I didn’t. But what difference did that make?
She answered, Murdoch wouldn’t make a film that didn’t project his values, so there’s probably a hidden message in there somewhere that I’m not seeing.
I thought maybe Murdoch wanted to be first out the door with the new filmmaking technology.

The technology is not that new; it’s been done before, she answered.
Look, I said, it’s a film about people freeing themselves from a colonial oppressor. How could that be a reactionary theme?

She said, maybe the message is that “the other,” the people being colonized, the brown people, the racially different people, can’t really succeed at throwing off their oppressor until some white guy helps them?

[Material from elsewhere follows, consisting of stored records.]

(* Let $G=\mathrm{Aut}(\mathbf{K})$ for a Fraïssé structure $\mathbf{K}$ with exhaustion $\bigcup_n\mathbf{A}_n$, and let $M\subseteq S(G)$ be a minimal subflow. Suppose $\alpha,\gamma\in S(G)$ are such that $\phi(\alpha)=\phi(\gamma)$ for every retraction $\phi:S(G)\to M$, and let $S\subseteq H_m$ be minimal. Then $S\in\alpha(m)$ if and only if $S\in\gamma(m)$.
   Context: $\mathbf{K}$ is a countably infinite ultrahomogeneous relational structure; $\mathbf{A}_1\subseteq\mathbf{A}_2\subseteq\cdots$ finite substructures, $|\mathbf{A}_n|=n$, union $\mathbf{K}$; $H_n=\mathrm{Emb}(\mathbf{A}_n,\mathbf{K})$. $S(G)$ is the inverse limit of the spaces $\beta H_n$ of ultrafilters along the continuous extensions of restriction maps $H_n\to H_m$; $\alpha(n)$ is the $n$-th coordinate. Right $G$-action: for $S\subseteq H_m$, $S\in(\alpha g)(m)$ iff $\{x\in H_n:x\circ g|_{\mathbf{A}_m}\in S\}\in\alpha(n)$ for $n$ with $g(\mathbf{A}_m)\subseteq\mathbf{A}_n$; for $f\in H_m$ set $\alpha\cdot f=(\alpha g)(m)$ for any $g\in G$ extending $f$. Semigroup product: $S\in(\alpha\gamma)(m)$ iff $\{f\in H_m:S\in\alpha\cdot f\}\in\gamma(m)$. A minimal subflow is a nonempty closed $G$-invariant set with no proper such subset; a retraction onto $M$ is a continuous $G$-equivariant $\phi:S(G)\to M$ with $\phi|_M=\mathrm{id}$. Identify subsets of $H_m$ with $2^{H_m}$, with right action $(\chi\cdot g)(f)=\chi(g\circ f)$; $S\subseteq H_m$ is minimal if $\overline{\chi_S\cdot G}$ is a minimal $G$-flow. *)

theory Defs
  imports "HOL-Analysis.Analysis"
begin

text \<open>The countably infinite structure K has universe nat; its relations are
  given by R :: 'r => nat list => bool (each symbol r of arity ar r). Embeddings A_m -> K are represented
  as extensional functions (undefined outside A m).\<close>

definition is_emb :: "('r \<Rightarrow> nat list \<Rightarrow> bool) \<Rightarrow> nat set \<Rightarrow> (nat \<Rightarrow> nat) \<Rightarrow> bool" where
  "is_emb R B f \<longleftrightarrow> inj_on f B \<and> (\<forall>r xs. set xs \<subseteq> B \<longrightarrow> (R r (map f xs) \<longleftrightarrow> R r xs))"

definition Hset :: "('r \<Rightarrow> nat list \<Rightarrow> bool) \<Rightarrow> (nat \<Rightarrow> nat set) \<Rightarrow> nat \<Rightarrow> (nat \<Rightarrow> nat) set" where
  "Hset R A m = {f \<in> extensional (A m). is_emb R (A m) f}"

definition Aut :: "('r \<Rightarrow> nat list \<Rightarrow> bool) \<Rightarrow> (nat \<Rightarrow> nat) set" where
  "Aut R = {g. bij g \<and> is_emb R UNIV g}"

definition ultrahomogeneous :: "('r \<Rightarrow> nat list \<Rightarrow> bool) \<Rightarrow> bool" where
  "ultrahomogeneous R \<longleftrightarrow>
     (\<forall>B h. finite B \<and> is_emb R B h \<longrightarrow> (\<exists>g\<in>Aut R. \<forall>x\<in>B. g x = h x))"

definition ultrafilter_on :: "'a set \<Rightarrow> 'a set set \<Rightarrow> bool" where
  "ultrafilter_on X U \<longleftrightarrow> U \<subseteq> Pow X \<and> X \<in> U \<and> {} \<notin> U
     \<and> (\<forall>a b. a \<in> U \<and> b \<in> U \<longrightarrow> a \<inter> b \<in> U)
     \<and> (\<forall>a b. a \<in> U \<and> a \<subseteq> b \<and> b \<subseteq> X \<longrightarrow> b \<in> U)
     \<and> (\<forall>a. a \<subseteq> X \<longrightarrow> a \<in> U \<or> X - a \<in> U)"

definition push :: "('a \<Rightarrow> 'b) \<Rightarrow> 'a set \<Rightarrow> 'b set \<Rightarrow> 'a set set \<Rightarrow> 'b set set" where
  "push \<rho> X Y U = {S. S \<subseteq> Y \<and> {x \<in> X. \<rho> x \<in> S} \<in> U}"

text \<open>S(G): the inverse limit of the beta H_n along restriction maps.\<close>
definition SG :: "('r \<Rightarrow> nat list \<Rightarrow> bool) \<Rightarrow> (nat \<Rightarrow> nat set) \<Rightarrow> (nat \<Rightarrow> (nat \<Rightarrow> nat) set set) set" where
  "SG R A = {\<alpha>. (\<forall>n. ultrafilter_on (Hset R A n) (\<alpha> n))
      \<and> (\<forall>m n. m \<le> n \<longrightarrow>
           \<alpha> m = push (\<lambda>f. restrict f (A m)) (Hset R A n) (Hset R A m) (\<alpha> n))}"

definition SGtop :: "('r \<Rightarrow> nat list \<Rightarrow> bool) \<Rightarrow> (nat \<Rightarrow> nat set) \<Rightarrow> (nat \<Rightarrow> (nat \<Rightarrow> nat) set set) topology" where
  "SGtop R A = topology_generated_by
      {{\<alpha> \<in> SG R A. S \<in> \<alpha> n} | n S. S \<subseteq> Hset R A n}"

Maybe that’s the real message of the film? Maybe Murdoch is trying to tell us that all other cultures really are inferior to ours, and they don’t stand a chance unless we help them.
OMG (as they say on Twitter).

That was a learning moment. She’s right, of course. When Americans think about the Vietnam War, the strongest images we have are of the protest movement that tried to end it. Both the left and right believe the protest movement was the reason the war ended. But the reason the war ended was because the Vietnamese won. It wasn’t a protest movement that forced the U. S. evacuation from the roof of the Embassy in what is now Ho Chi Minh City, it was the Vietnamese people. But Americans are so ethnocentric, so convinced of their own superiority, that they have to believe that somehow they caused it. It’s inconceivable to us that an indigenous population could do something like that on their own. Of course Americans should protest U. S. imperialist adventures in the Middle East, Colombia, etc.

We should do this because if we do not object, then we are accomplices in the murder and genocide of another people. And we should elect people who will put an end to war as an instrument of government policy (we thought we did that with Obama). But we should understand that it is only the people of Afghanistan, of Palestine, of Colombia that can make decisions affecting their own destiny. In “Avatar” the white demi-god makes all the decisions and organizes the revolt. That’s not the way it happens.

A sucker-punch is when someone slugs you when you’re not looking.
I learned that the next time Rupert Murdoch offers me something on a silver platter, I’ll look at it more closely.

I also learned that my grandson has a pretty smart mommy.